2.7 Candlestick charts ¶

이 유형의 차트는 OHLC차트와 마찬가지로 증권, 파생 상품, 통화, 주식, 채권, 상품 등에 대한 시간 경과에 따른 가격 변동을 시각화하고 분석하는 거래 도구로 사용됩니다. Candlestick차트에 사용된 기호는 Box Plot과 유사하나 기능이 다르므로 혼동하면 안됩니다.

Candlestick 차트는 촛대 모양의 기호를 사용하여 시가, 종가, 고가, 저가 등의 가격 정보의 여러 비트를 표현합니다. 각 기호는 단일 기간(분, 시, 일, 월 등)에 대한 거래 활동을 압축하여 표현합니다. 각 촛대 기호는 시간 경과에 따른 거래 활동을 보여주기 위해 x축(시간)을 따라 표시됩니다.

메인 직사각형(a.k.a real body)은 해당 기간의 시가와 종가와 그 범위를 보여줍니다. 그 외의 위와 아래 그림자(또는 심지)는 해당 기간의 거래된 최고가와 최저가를 나타냅니다. 종가가 시가보다 높은 경우(bullish)와 종가가 시가보다 낮은 경우(bearish)를 색으로(하얀 또는 초록 | 검정 또는 빨강) 구분하여 표시할 수도 있습니다.

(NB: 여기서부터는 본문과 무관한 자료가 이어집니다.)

(* Let $G$ be a torsion-free finitely generated residually finite group and $\phi\in\operatorname{Aut}(G)$. If $R(\phi)<\infty$, then $\operatorname{Stab}_\phi(g)=1$ for all $g\in G$.
   Context: For an endomorphism $\phi$ of $G$, $R(\phi)\in\mathbb{N}\cup\{\infty\}$ is the number of classes of the relation $x\sim hx\phi(h)^{-1}$ ($h\in G$). The $\phi$-stabiliser of $g\in G$ is $\operatorname{Stab}_\phi(g)=\{b\in G\mid g=bg\phi(b)^{-1}\}$. *)

theory Defs
  imports "HOL-Algebra.Algebra" "HOL-Library.Extended_Nat"
begin

definition torsion_free :: "('a, 'b) monoid_scheme \<Rightarrow> bool" where
  "torsion_free G \<longleftrightarrow>
     (\<forall>g \<in> carrier G. g \<noteq> \<one>\<^bsub>G\<^esub> \<longrightarrow> (\<forall>n::nat. n > 0 \<longrightarrow> g [^]\<^bsub>G\<^esub> n \<noteq> \<one>\<^bsub>G\<^esub>))"

definition finitely_generated :: "('a, 'b) monoid_scheme \<Rightarrow> bool" where
  "finitely_generated G \<longleftrightarrow>
     (\<exists>S. finite S \<and> S \<subseteq> carrier G \<and> generate G S = carrier G)"

definition residually_finite :: "('a, 'b) monoid_scheme \<Rightarrow> bool" where
  "residually_finite G \<longleftrightarrow>
     (\<forall>g \<in> carrier G. g \<noteq> \<one>\<^bsub>G\<^esub> \<longrightarrow>
        (\<exists>N. N \<lhd> G \<and> finite (rcosets\<^bsub>G\<^esub> N) \<and> g \<notin> N))"

definition twisted_conj :: "('a, 'b) monoid_scheme \<Rightarrow> ('a \<Rightarrow> 'a) \<Rightarrow> ('a \<times> 'a) set" where
  "twisted_conj G \<phi> = {(x, y). x \<in> carrier G \<and> y \<in> carrier G \<and>
      (\<exists>h \<in> carrier G. y = h \<otimes>\<^bsub>G\<^esub> x \<otimes>\<^bsub>G\<^esub> inv\<^bsub>G\<^esub> (\<phi> h))}"

definition reidemeister_number :: "('a, 'b) monoid_scheme \<Rightarrow> ('a \<Rightarrow> 'a) \<Rightarrow> enat" where
  "reidemeister_number G \<phi> =
     (if finite (carrier G // twisted_conj G \<phi>) then enat (card (carrier G // twisted_conj G \<phi>)) else \<infinity>)"

definition twisted_stab :: "('a, 'b) monoid_scheme \<Rightarrow> ('a \<Rightarrow> 'a) \<Rightarrow> 'a \<Rightarrow> 'a set" where
  "twisted_stab G \<phi> g = {b \<in> carrier G. g = b \<otimes>\<^bsub>G\<^esub> g \<otimes>\<^bsub>G\<^esub> inv\<^bsub>G\<^esub> (\<phi> b)}"

end

theory Submission
  imports Defs
begin

text \<open>Let \<open>K\<close> bound the denominators of any sum of \<open>R(\<phi>)\<close> unit fractions equal to \<open>1\<close> (Landau).
  In a finite group the twisted classes \<open>C\<close> satisfy \<open>\<Sum>\<^sub>C 1 / |Stab(C)| = 1\<close>, so every twisted
  stabiliser has at most \<open>K\<close> elements, and passing to a quotient by a \<open>\<phi>\<close>-invariant normal subgroup
  does not increase the number of twisted classes. Now let \<open>b \<noteq> 1\<close> stabilise \<open>g\<close>. As \<open>G\<close> is
  torsion-free, \<open>b, \<dots>, b\<^sup>K\<close> are nontrivial; as \<open>G\<close> is finitely generated and residually finite, some
  \<open>\<phi>\<close>-invariant normal subgroup \<open>M\<close> of finite index contains none of them. The cosets of
  \<open>1, b, \<dots>, b\<^sup>K\<close> are then \<open>K + 1\<close> distinct elements of a twisted stabiliser in \<open>G / M\<close>.\<close>

section \<open>Landau's bound for unit fractions\<close>

text \<open>Removing the largest unit fraction \<open>1 / n\<close> from a sum \<open>a / b\<close> of \<open>r\<close> unit fractions forces
  \<open>n \<le> r * b\<close> and leaves a sum of \<open>r - 1\<close> unit fractions with denominator \<open>b * n \<le> r * b * b\<close>.\<close>
fun landau_bound :: "nat \<Rightarrow> nat \<Rightarrow> nat" where
  "landau_bound 0 b = 0"
| "landau_bound (Suc r) b = max (Suc r * b) (landau_bound r (Suc r * b * b))"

Candlestick 차트는 시간에 따른 시장 트렌드를 감지하고 예측하는데 유용하고, 각 촛대의 기호와 색상을 통해 시장 상태를 해석하는 데 유용합니다. 예시로 몸통이 길수록 구매와 판매가 활발했으며, 몸통이 짧은 경우 가격 변동이 거의 없고 거래가 적었음을 의미합니다.

Candlestick 차트는 모양과 색상과 같은 다양한 지표를 통해 시장 심리나 여러 패턴을 확인하는데 도움을 줍니다. 총 42개의 패턴이 있고, 이는 단순한 패턴과 복잡한 패턴으로 나뉩니다. 여기서 발견된 패턴은 가격 관계를 표시하거나 향후 시장의 변화를 예측하는 사용할 수 있습니다. 위에 단순한 패턴의 예시를 가져왔으니 가볍게 보면 좋을 것 같습니다.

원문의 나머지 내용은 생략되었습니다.